An Executive Order Against Transexual Treatments for Minors
President Trump issued an executive order entitled Protecting Children from Chemical and Surgical Mutilation. It’s worth reading. Here is the summary:
Across the country today, medical professionals are maiming and sterilizing a growing number of impressionable children under the radical and false claim that adults can change a child’s sex through a series of irreversible medical interventions. This dangerous trend will be a stain on our Nation’s history, and it must end.
Countless children soon regret that they have been mutilated and begin to grasp the horrifying tragedy that they will never be able to conceive children of their own or nurture their children through breastfeeding. Moreover, these vulnerable youths’ medical bills may rise throughout their lifetimes, as they are often trapped with lifelong medical complications, a losing war with their own bodies, and, tragically, sterilization.
Accordingly, it is the policy of the United States that it will not fund, sponsor, promote, assist, or support the so-called “transition” of a child from one sex to another, and it will rigorously enforce all laws that prohibit or limit these destructive and life-altering procedures.
In related news, Trump’s new Department of Justice dropped charges against Houston doctor Eithan Haim, who blew the whistle on a hospital that was secretly performing sex-change procedures on minors in defiance of a Texas law against them. Incredibly, the Biden Department of Justice prosecuted not the hospital but Dr. Haim for violating patient confidentiality–even though he had redacted all names and photos in the documents he released–and was charging him for crimes that could have imprisoned him for 10 years. In fact, the judge was on the verge of putting him in jail for violating a gag order against his talking about the case when the order came for the charges to be dismissed.
Building an Iron Dome over America.
Israel has an “Iron Dome,” a system that can shoot down missiles, rockets, and even artillery shells that has protected the country from the countless attacks it has been subject to.
The anti-missile defense system, which consists of batteries of radar-guided interceptor missiles, is a collaboration of Israeli and American technology. Though the United States has missile defense systems on ships and to protect military units, we have nothing comparable that can protect the nation as a whole from long-range ballistic missiles.

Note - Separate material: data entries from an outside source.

lemma surplus_le_welfare_minus_revenue:
  assumes v: "valid_values n v" and S: "is_dist n S"
  shows "surplus n v S \<le> welfare n v S - p * G n v S p"
proof -
  let ?q = "price n v S"
  have "surplus n v S \<le> (\<Sum>i\<in>{1..n}. S i * v i - ?q * (if ?q \<le> v i then S i else 0))"
    unfolding surplus_def
  proof (rule sum_mono)
    fix i assume "i \<in> {1..n}"
    then have "0 \<le> S i * v i" using v S unfolding valid_values_def is_dist_def
      by (simp add: less_imp_le)
    then show "S i * cs n v S (v i) \<le> S i * v i - ?q * (if ?q \<le> v i then S i else 0)"
      unfolding cs_def by (simp add: algebra_simps)
  qed
  also have "\<dots> = welfare n v S - ?q * G n v S ?q"
    unfolding welfare_def G_def by (simp add: sum_subtractf sum_distrib_left)
  also have "\<dots> \<le> welfare n v S - p * G n v S p"
    using revenue_le_price_revenue[OF v S] by simp
  finally show ?thesis .
qed

lemma sum_sum_list_swap:
  "(\<Sum>i\<in>A. \<Sum>(S, \<gamma>)\<leftarrow>Z. f i S \<gamma>) = (\<Sum>(S, \<gamma>)\<leftarrow>Z. \<Sum>i\<in>A. (f i S \<gamma> :: 'a::comm_monoid_add))"
  by (induction Z) (auto simp: sum.distrib)

lemma mixture_sum:
  assumes "is_scheme n fD Z"
  shows "(\<Sum>(S, \<gamma>)\<leftarrow>Z. \<gamma> * (\<Sum>i\<in>A. S i * w i)) = (\<Sum>i\<in>A. fD i * w i)"
proof -
  have fD: "fD i = (\<Sum>(S, \<gamma>)\<leftarrow>Z. \<gamma> * S i)" for i
    using assms unfolding is_scheme_def by simp
  have "(\<Sum>i\<in>A. fD i * w i) = (\<Sum>i\<in>A. \<Sum>(S, \<gamma>)\<leftarrow>Z. \<gamma> * (S i * w i))"
    unfolding fD by (simp add: split_def sum_list_mult_const[symmetric] mult.assoc)
  also have "\<dots> = (\<Sum>(S, \<gamma>)\<leftarrow>Z. \<gamma> * (\<Sum>i\<in>A. S i * w i))"
    by (simp add: sum_sum_list_swap sum_distrib_left)
  finally show ?thesis ..
qed

lemma mult_cs_scheme:
  assumes "fD i \<noteq> 0"
  shows "fD i * cs_scheme n v fD Z i = (\<Sum>(S, \<gamma>)\<leftarrow>Z. \<gamma> * (S i * cs n v S (v i)))"
  unfolding cs_scheme_def using assms
  by (simp add: split_def sum_list_const_mult[symmetric] mult.commute mult.left_commute)

lemma cs_scheme_nonneg:
  assumes "is_scheme n fD Z" "0 < fD i"
  shows "0 \<le> cs_scheme n v fD Z i"
  unfolding cs_scheme_def using assms cs_nonneg unfolding is_scheme_def is_dist_def
  by (intro sum_list_nonneg) fastforce

lemma cs_scheme_lowest_value:
  assumes "valid_values n v" "is_scheme n fD Z"
  shows "cs_scheme n v fD Z 1 = 0"
proof -
  have "cs n v S (v 1) = 0" if "(S, \<gamma>) \<in> set Z" for S \<gamma>
    using assms(2) that cs_lowest_value[OF assms(1)] unfolding is_scheme_def by auto
  then have "(\<Sum>(S, \<gamma>)\<leftarrow>Z. cs n v S (v 1) * \<gamma> * S 1 / fD 1) = (\<Sum>_\<leftarrow>Z. 0)"
    by (intro arg_cong[where f = sum_list] map_cong) auto
  then show ?thesis unfolding cs_scheme_def by simp
qed

lemma sum_mult_cs_scheme:
  assumes "full_support n fD"
  shows "(\<Sum>i\<in>{1..n}. fD i * cs_scheme n v fD Z i) = (\<Sum>(S, \<gamma>)\<leftarrow>Z. \<gamma> * surplus n v S)"
proof -
  have "(\<Sum>i\<in>{1..n}. fD i * cs_scheme n v fD Z i)
      = (\<Sum>i\<in>{1..n}. \<Sum>(S, \<gamma>)\<leftarrow>Z. \<gamma> * (S i * cs n v S (v i)))"
    using assms unfolding full_support_def
    by (intro sum.cong refl mult_cs_scheme) (auto simp: less_imp_neq[symmetric])
  then show ?thesis by (simp add: sum_sum_list_swap surplus_def sum_distrib_left)
qed

text \<open>Buyer optimality leaves the seller only the revenue of the optimal uniform price q; since
  every signal yields the seller at least the revenue of q, no signal used with positive
  weight may give the seller more.\<close>
lemma buyer_optimal_signal_tight:
  assumes v: "valid_values n v" and Z: "is_scheme n fD Z" and fD: "full_support n fD"
    and opt: "buyer_optimal n v fD Z" and q: "(SUP p. p * G n v fD p) = q * G n v fD q"
    and S: "(S, \<gamma>) \<in> set Z" "0 < \<gamma>"
  shows "surplus n v S = welfare n v S - q * G n v S q"
proof -
  define gap where "gap S = welfare n v S - q * G n v S q - surplus n v S" for S
  have gap_nonneg: "0 \<le> \<gamma> * gap S" if "(S, \<gamma>) \<in> set Z" for S \<gamma>
    using Z that surplus_le_welfare_minus_revenue[OF v, of S q] unfolding is_scheme_def gap_def
    by auto
  have "(\<Sum>(S, \<gamma>)\<leftarrow>Z. \<gamma> * gap S) = (\<Sum>(S, \<gamma>)\<leftarrow>Z. \<gamma> * welfare n v S)
      - q * (\<Sum>(S, \<gamma>)\<leftarrow>Z. \<gamma> * G n v S q) - (\<Sum>(S, \<gamma>)\<leftarrow>Z. \<gamma> * surplus n v S)"
    unfolding gap_def by (induction Z) (auto simp: algebra_simps)
  also have "\<dots> = 0"
    using opt q sum_mult_cs_scheme[OF fD, of v Z]
      mixture_sum[OF Z, where A = "{1..n}" and w = v]
      mixture_sum[OF Z, where A = "{1..n}" and w = "\<lambda>j. if q \<le> v j then 1 else 0"]
    unfolding buyer_optimal_def welfare_def G_eq_sum_indicator by simp
  finally have "\<gamma> * gap S = 0"
    using gap_nonneg S(1) sum_list_nonneg_eq_0_iff[of "map (\<lambda>(S, \<gamma>). \<gamma> * gap S) Z"] by force
  then show ?thesis using S(2) unfolding gap_def by simp
qed

lemma atLeastAtMost_1_3: "{1..3::nat} = {1, 2, 3}"
  by auto

lemma sum_1_to_3: "(\<Sum>i\<in>{1..3::nat}. f i) = f 1 + f 2 + (f 3 :: 'a::comm_monoid_add)"
  unfolding atLeastAtMost_1_3 by (simp add: add.assoc)

lemma G_3: "G 3 v S p = (if p \<le> v 1 then S 1 else 0) + (if p \<le> v 2 then S 2 else 0)
    + (if p \<le> v 3 then S 3 else 0)"
  unfolding G_def sum_1_to_3 ..

lemma Pf_three_steps_first_zero:
  assumes "0 < w1" "w1 \<le> w2" "w1 \<le> w3" "0 \<le> c2" "0 \<le> c3"
  shows "Pf [(0, w1), (c2, w2), (c3, w3)] (2 * w1) = w1 * min c2 c3"
  using assms unfolding Pf_def by (cases "c2 \<le> c3") (auto simp: min_def max_def)

lemma surplus_steps_3:
  "surplus_steps 3 v fD Z =
    [(cs_scheme 3 v fD Z 1, fD 1), (cs_scheme 3 v fD Z 2, fD 2), (cs_scheme 3 v fD Z 3, fD 3)]"
proof -
  have "[1..<Suc 3] = [1, 2, 3::nat]" by (simp add: numeral_3_eq_3 upt_rec)
  then show ?thesis unfolding surplus_steps_def by simp
qed

definition vals :: "real \<Rightarrow> nat \<Rightarrow> real" where
  "vals t i = 1 + t * (real i - 1)"

definition prior_mass :: "real \<Rightarrow> real" where
  "prior_mass t = t^2 + 2 * t + 4"

definition prior :: "real \<Rightarrow> nat \<Rightarrow> real" where
  "prior t i = (if i = 1 then t^2 else if i = 2 then 2 * t else if i = 3 then 4 else 0) / prior_mass t"

lemma vals_simps: "vals t 1 = 1" "vals t (Suc 0) = 1" "vals t 2 = 1 + t" "vals t 3 = 1 + 2 * t"
  by (simp_all add: vals_def)

lemma prior_simps:
  "prior t 1 = t^2 / prior_mass t" "prior t (Suc 0) = t^2 / prior_mass t"
  "prior t 2 = 2 * t / prior_mass t" "prior t 3 = 4 / prior_mass t"
  by (simp_all add: prior_def)

lemma prior_mass_pos: "0 < t \<Longrightarrow> 0 < prior_mass t"
  unfolding prior_mass_def by (simp add: add_pos_pos)

lemma valid_values_vals: "0 < t \<Longrightarrow> valid_values 3 (vals t)"
  unfolding valid_values_def vals_def by (auto simp: add_pos_nonneg)

lemma full_support_prior: "0 < t \<Longrightarrow> full_support 3 (prior t)"
  unfolding full_support_def prior_def using prior_mass_pos[of t] by auto

lemma is_dist_prior: "0 < t \<Longrightarrow> is_dist 3 (prior t)"
proof -
  assume t: "0 < t"
  have "prior t 1 + prior t 2 + prior t 3 = 1"
    using prior_mass_pos[OF t] by (simp add: prior_simps prior_mass_def add_divide_distrib[symmetric])
  then show ?thesis
    using full_support_prior[OF t] t prior_mass_pos[OF t]
    unfolding is_dist_def full_support_def sum_1_to_3 by (auto simp: prior_def)
qed

lemma price_prior:
  assumes t: "0 < t" "t < 1"
  shows "price 3 (vals t) (prior t) = 1 + 2 * t"
proof -
  have W: "0 < prior_mass t" using prior_mass_pos t by simp
  have "prior_mass t < (1 + 2 * t) * 4"
    using t by (simp add: prior_mass_def power2_eq_square algebra_simps)
  then have rev1: "1 < (1 + 2 * t) * prior t 3" using W by (simp add: prior_simps less_divide_eq)
  have "(1 + t) * (2 * t + 4) < (1 + 2 * t) * 4" using t by (simp add: algebra_simps)
  then have "(1 + t) * (2 * t + 4) / prior_mass t < (1 + 2 * t) * 4 / prior_mass t"
    using W by (rule divide_strict_right_mono)
  then have rev2: "(1 + t) * (prior t 2 + prior t 3) < (1 + 2 * t) * prior t 3"
    by (simp add: prior_simps add_divide_distrib[symmetric])
  have mass: "prior t 1 + prior t 2 + prior t 3 = 1"
    using is_dist_prior[OF t(1)] unfolding is_dist_def sum_1_to_3 by simp
  have "price 3 (vals t) (prior t) = vals t 3"
    by (rule price_eqI; (unfold atLeastAtMost_1_3)?)
      (use t rev1 rev2 mass full_support_prior[OF t(1)] in \<open>auto simp: full_support_def G_3 vals_simps\<close>)
  then show ?thesis by (simp add: vals_simps)
qed

lemma mid_mass_le_low_mass:
  fixes t s1 s2 s3 :: real
  assumes t: "0 < t" and sum: "s1 + s2 + s3 = 1"
    and mid: "(1 + t) * (s2 + s3) \<le> 1" and top: "(1 + 2 * t) * s3 = 1"
  shows "s2 \<le> s1"
proof -
  have "(1 + t) * (1 + 2 * t) * s2 + (1 + t) * ((1 + 2 * t) * s3)
      = (1 + 2 * t) * ((1 + t) * (s2 + s3))"
    by (simp add: algebra_simps)
  also have "\<dots> \<le> 1 + 2 * t" using mid t by simp
  finally have mid': "(1 + t) * (1 + 2 * t) * s2 \<le> t" using top by simp
  have "(1 + t) * (1 + 2 * t) * (2 * s2 + s3)
      = 2 * ((1 + t) * (1 + 2 * t) * s2) + (1 + t) * ((1 + 2 * t) * s3)"
    by (simp add: algebra_simps)
  also have "\<dots> \<le> 2 * t + (1 + t)" using mid' top by simp
  also have "\<dots> \<le> (1 + t) * (1 + 2 * t)" using t by (simp add: algebra_simps)
  finally have "(1 + t) * (1 + 2 * t) * (2 * s2 + s3) \<le> (1 + t) * (1 + 2 * t)" .
  then show ?thesis using t sum by (simp add: mult_le_cancel_left1 pos_add_strict)
qed

text \<open>The middle value gets surplus only at price 1; tightness then forces (1 + 2t) S 3 = 1,
  and optimality of price 1 over price 1 + t bounds S 2 by S 1.\<close>
lemma tight_signal_mid_surplus:
  assumes t: "0 < t" and S: "is_dist 3 S"
    and tight: "surplus 3 (vals t) S = welfare 3 (vals t) S - (1 + 2 * t) * G 3 (vals t) S (1 + 2 * t)"
  shows "S 2 * cs 3 (vals t) S (1 + t) \<le> t * S 1"
proof -
  have S_nonneg: "0 \<le> S 1" "0 \<le> S 2" "0 \<le> S 3" and S_sum: "S 1 + S 2 + S 3 = 1"
    using S unfolding is_dist_def sum_1_to_3 by auto
  obtain k where k: "k \<in> {1..3}" "price 3 (vals t) S = vals t k"
    and opt: "\<forall>j\<in>{1..3}. S j > 0 \<longrightarrow>
      vals t j * G 3 (vals t) S (vals t j) \<le> vals t k * G 3 (vals t) S (vals t k)"
    using price_attained[OF S] by metis
  show ?thesis
  proof (cases "k = 1")
    case False
    with k t have "1 + t \<le> price 3 (vals t) S" by (auto simp: vals_def)
    then have "cs 3 (vals t) S (1 + t) = 0" unfolding cs_def by auto
    then show ?thesis using t S_nonneg by simp
  next
    case True
    then have price: "price 3 (vals t) S = 1" using k by (simp add: vals_simps)
    show ?thesis
    proof (cases "S 2 = 0")
      case True
      then show ?thesis using t S_nonneg by simp
    next
      case False
      then have "(1 + t) * (S 2 + S 3) \<le> 1"
        using opt \<open>k = 1\<close> S_nonneg S_sum t by (auto simp: G_3 vals_simps order_less_le)
      moreover have "t * S 2 + 2 * t * S 3 = S 1 + (1 + t) * S 2"
        using tight price t unfolding surplus_def welfare_def sum_1_to_3
        by (simp add: cs_def G_3 vals_simps algebra_simps)
      then have "(1 + 2 * t) * S 3 = 1" using S_sum by (simp add: algebra_simps)
      ultimately have "S 2 \<le> S 1" using mid_mass_le_low_mass t S_sum by blast
      moreover have "cs 3 (vals t) S (1 + t) = t" using price t unfolding cs_def by simp
      ultimately show ?thesis using t by (simp add: mult.commute)
    qed
  qed
qed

We do have some capability for that. We reportedly have 44 ground-based anti-missile missiles in Alaska and California, plus 56 anti-ballistic missiles on ships. But that’s no iron dome. And they wouldn’t last long in an all-out attack from China or Russia.
Another of President Trump’s executive orders calls for the development of an iron dome system for the United States. The problem is that Israel is a small country, with a landmass of just 8,000 square miles. The U.S. has a landmass of 3.8 million square miles. That is a much greater area to defend. Just protecting the cities would be unfathomably expensive. One 20-missile battery in Israel costs $37-$50 million, and each guided missile costs $50,000.
Jim Geraghty discusses all of this in his National Review piece What It Will Take to Create an ‘Iron Dome for America’. The prospects sound bleak, but technology has come a long way since 1999 when Israel’s systems were first deployed. Miniaturization can make the components cheaper, and spaced-based detection and launch capabilities can increase a system’s coverage.
Most intriguing, though, is shooting down incoming ordinance with lasers. An Israeli company has already developed what it calls the “Iron Beam,” which will be deployed as a component of the existing Iron Dome possibly as early as this year. Says the developers, “Engaging at the speed of light, IRON BEAM has an unlimited magazine, with almost zero cost per interception, and causes minimal collateral damage.”